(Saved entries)
····················

lemma fact_plus3: "(fact (n + 3) :: real) = (real n + 1) * (real n + 2) * (real n + 3) * fact n"
  by (simp add: numeral_3_eq_3 algebra_simps)

lemma fuss_catalan_nonneg: "fuss_catalan r n \<ge> 0"
  by (simp add: fuss_catalan_def)

lemma fuss_catalan_0_right [simp]: "fuss_catalan r 0 = 1"
  by (cases r) (simp_all add: fuss_catalan_def fact_reduce)

lemma fuss_catalan_1: "fuss_catalan 1 n = fact (3 * n) / (fact n * fact (2 * n + 1))"
  by (simp add: fuss_catalan_def)

definition fc1_ratio :: "nat \<Rightarrow> real" where
  "fc1_ratio n = (3 * (3 * real n + 1) * (3 * real n + 2)) / (2 * (real n + 1) * (2 * real n + 3))"

lemma fuss_catalan_1_Suc: "fuss_catalan 1 (Suc n) = fuss_catalan 1 n * fc1_ratio n"
proof -
  have "3 * Suc n = 3 * n + 3" "2 * Suc n + 1 = (2 * n + 1) + 2" by simp_all
  then have "fuss_catalan 1 (Suc n) =
      (real (3*n) + 1) * (real (3*n) + 2) * (real (3*n) + 3) * fact (3*n) /
      ((real n + 1) * fact n * ((real (2*n+1) + 1) * (real (2*n+1) + 2) * fact (2*n+1)))"
    by (simp only: fuss_catalan_1 Suc_eq_plus1 fact_plus1 fact_plus2 fact_plus3)
  also have "\<dots> = fuss_catalan 1 n * fc1_ratio n"
    unfolding fuss_catalan_1 fc1_ratio_def by (simp add: divide_simps) (simp add: algebra_simps)
  finally show ?thesis .
qed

····················

> [Activity]: Output all of the data exactly.

> [Answer to this task]:
lemma fact_plus3: "(fact (n + 3) :: real) = (real n + 1) * (real n + 2) * (real n + 3) * fact n"
  by (simp add: numeral_3_eq_3 algebra_simps)

lemma fuss_catalan_nonneg: "fuss_catalan r n \<ge> 0"
  by (simp add: fuss_catalan_def)

lemma fuss_catalan_0_right [simp]: "fuss_catalan r 0 = 1"
  by (cases r) (simp_all add: fuss_catalan_def fact_reduce)

lemma fuss_catalan_1: "fuss_catalan 1 n = fact (3 * n) / (fact n * fact (2 * n + 1))"
  by (simp add: fuss_catalan_def)

definition fc1_ratio :: "nat \<Rightarrow> real" where
  "fc1_ratio n = (3 * (3 * real n + 1) * (3 * real n + 2)) / (2 * (real n + 1) * (2 * real n + 3))"

lemma fuss_catalan_1_Suc: "fuss_catalan 1 (Suc n) = fuss_catalan 1 n * fc1_ratio n"
proof -
  have "3 * Suc n = 3 * n + 3" "2 * Suc n + 1 = (2 * n + 1) + 2" by simp_all
  then have "fuss_catalan 1 (Suc n) =
      (real (3*n) + 1) * (real (3*n) + 2) * (real (3*n) + 3) * fact (3*n) /
      ((real n + 1) * fact n * ((real (2*n+1) + 1) * (real (2*n+1) + 2) * fact (2*n+1)))"
    by (simp only: fuss_catalan_1 Suc_eq_plus1 fact_plus1 fact_plus2 fact_plus3)
  also have "\<dots> = fuss_catalan 1 n * fc1_ratio n"
    unfolding fuss_catalan_1 fc1_ratio_def by (simp add: divide_simps) (simp add: algebra_simps)
  finally show ?thesis .
qed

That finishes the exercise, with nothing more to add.